One interesting finding is that the most dangerous place may be above the galactic plane along the axis: while few GRBs happen there, those in the disk and bar can reach there (the chance of being inside a double cone is independent of distance to the center, but along the axis one is within reach for the maximum number of GRBs).

Density of stars not affected by the GRBs.
Density of stars not affected by the GRBs.

Integrating the density of stars that are not affected as a function of radius and altitude shows that there is a mild galactic habitable zone hole within 4 kpc. That we are close to the peak is neat, but there is a significant number of stars very close to the center.

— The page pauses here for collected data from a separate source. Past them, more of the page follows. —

lemma max_le_of_second_difference_bound:
  fixes g :: "real \<Rightarrow> real"
  assumes cont: "continuous_on {0..1} g" and ends: "g 0 = 0" "g 1 = 0"
    and r: "r > 0" and c: "c \<ge> 0" "\<omega> < c * r\<^sup>2"
    and diff: "\<And>s h. 0 \<le> h \<Longrightarrow> h \<le> s \<Longrightarrow> s + h \<le> 1 \<Longrightarrow> h \<le> r \<Longrightarrow>
                 c * h\<^sup>2 - \<omega> \<le> g (s - h) + g (s + h) - 2 * g s"
    and t: "t \<in> {0..1}"
  shows "g t \<le> \<omega>"
proof -
  \<comment> \<open>At a maximiser the second difference is nonpositive, which rules out the full step \<open>h = r\<close>;
    so the step reaches an endpoint, where \<open>g\<close> vanishes.\<close>
  obtain s where s: "s \<in> {0..1}" and max: "\<And>u. u \<in> {0..1} \<Longrightarrow> g u \<le> g s"
    using continuous_attains_sup[OF compact_Icc _ cont] by fastforce
  define h where "h = min (min s (1 - s)) r"
  have h: "0 \<le> h" "h \<le> s" "s + h \<le> 1" "h \<le> r" using s r by (auto simp: h_def)
  then have in01: "s - h \<in> {0..1}" "s + h \<in> {0..1}" by auto
  have "0 \<le> c * h\<^sup>2" using c by simp
  have "g s \<le> \<omega>"
  proof -
    consider "h = r" | "h = s" | "h = 1 - s" unfolding h_def by linarith
    then show ?thesis
    proof cases
      case 1
      then show ?thesis using diff[OF h] max[OF in01(1)] max[OF in01(2)] c by simp
    next
      case 2
      then show ?thesis using diff[OF h] max[OF in01(2)] ends \<open>0 \<le> c * h\<^sup>2\<close> by simp
    next
      case 3
      then show ?thesis using diff[OF h] max[OF in01(1)] ends \<open>0 \<le> c * h\<^sup>2\<close> by simp
    qed
  qed
  then show ?thesis using max[OF t] by simp
qed
(* Let $\kappa$ be an uncountable regular cardinal, $U$ an unbounded subset of $\kappa$, and $T$ a subtree of ${}^{<\kappa}\kappa$. If $\mu$ is a cardinal with $\mu^{<\kappa}<|[T]|$ and $c:{}^\kappa\mu\to[T]$ is a continuous surjection, then there are a strictly increasing sequence $\langle\lambda_n\in U : n<\omega\rangle$ with least upper bound $\lambda$ and an injection $i:\prod_{n<\omega}\lambda_n\to T(\lambda)$ such that for all $x,y\in\prod_{n<\omega}\lambda_n$ and all $n<\omega$: $x\restriction n=y\restriction n$ if and only if $i(x)\restriction\lambda_n=i(y)\restriction\lambda_n$.
   Context: ${}^{<\kappa}\kappa$ is the set of functions from ordinals $\alpha<\kappa$ to $\kappa$, ordered by inclusion; a subtree is a subset closed under restrictions to smaller ordinals. $[T]$ is the set of $x\in{}^\kappa\kappa$ with $x\restriction\alpha\in T$ for all $\alpha<\kappa$, with the subspace topology of ${}^\kappa\kappa$. $T(\lambda)$ denotes the set of nodes of $T$ of length $\lambda$. For a cardinal $\nu$, ${}^\kappa\nu$ carries the topology with basic open sets $N_s=\{x\in{}^\kappa\nu : s\subseteq x\}$ for $s$ a function from an ordinal below $\kappa$ to $\nu$. *)

theory Defs
  imports "HOL-Analysis.Analysis" "HOL-Library.Countable_Set"
begin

This is of course not a professional model; it is a slapdash Matlab script done in an evening to respond to some online debate. But I think it shows that directionality may matter a lot by increasing the variance of star fates. Nearby systems may be irradiated very differently, and merely averaging them will miss this.

If I understood Piran and Jimenez right they do not use directionality; instead they employ a scaled rate of observed GRBs, so they do not have to deal with the iffy issue of jet widths. This might be sound, but I suspect one should check the spatial statistics: correlations are tricky things (and were GRB axes even mildly aligned with the galactic axis the risk reduction would be huge). Another way of getting closer to their result is of course to bump up the number of GRBs: with enough, the centre of the galaxy will naturally be inhospitable. I did not do the same careful modelling of the link between metallicity and GRBs, nor the different sizes.

In any case, I suspect that GRBs are weak constraints on where life can persist and too erratic to act as a good answer to the Fermi question – even a mass extinction is forgotten within 10 million years.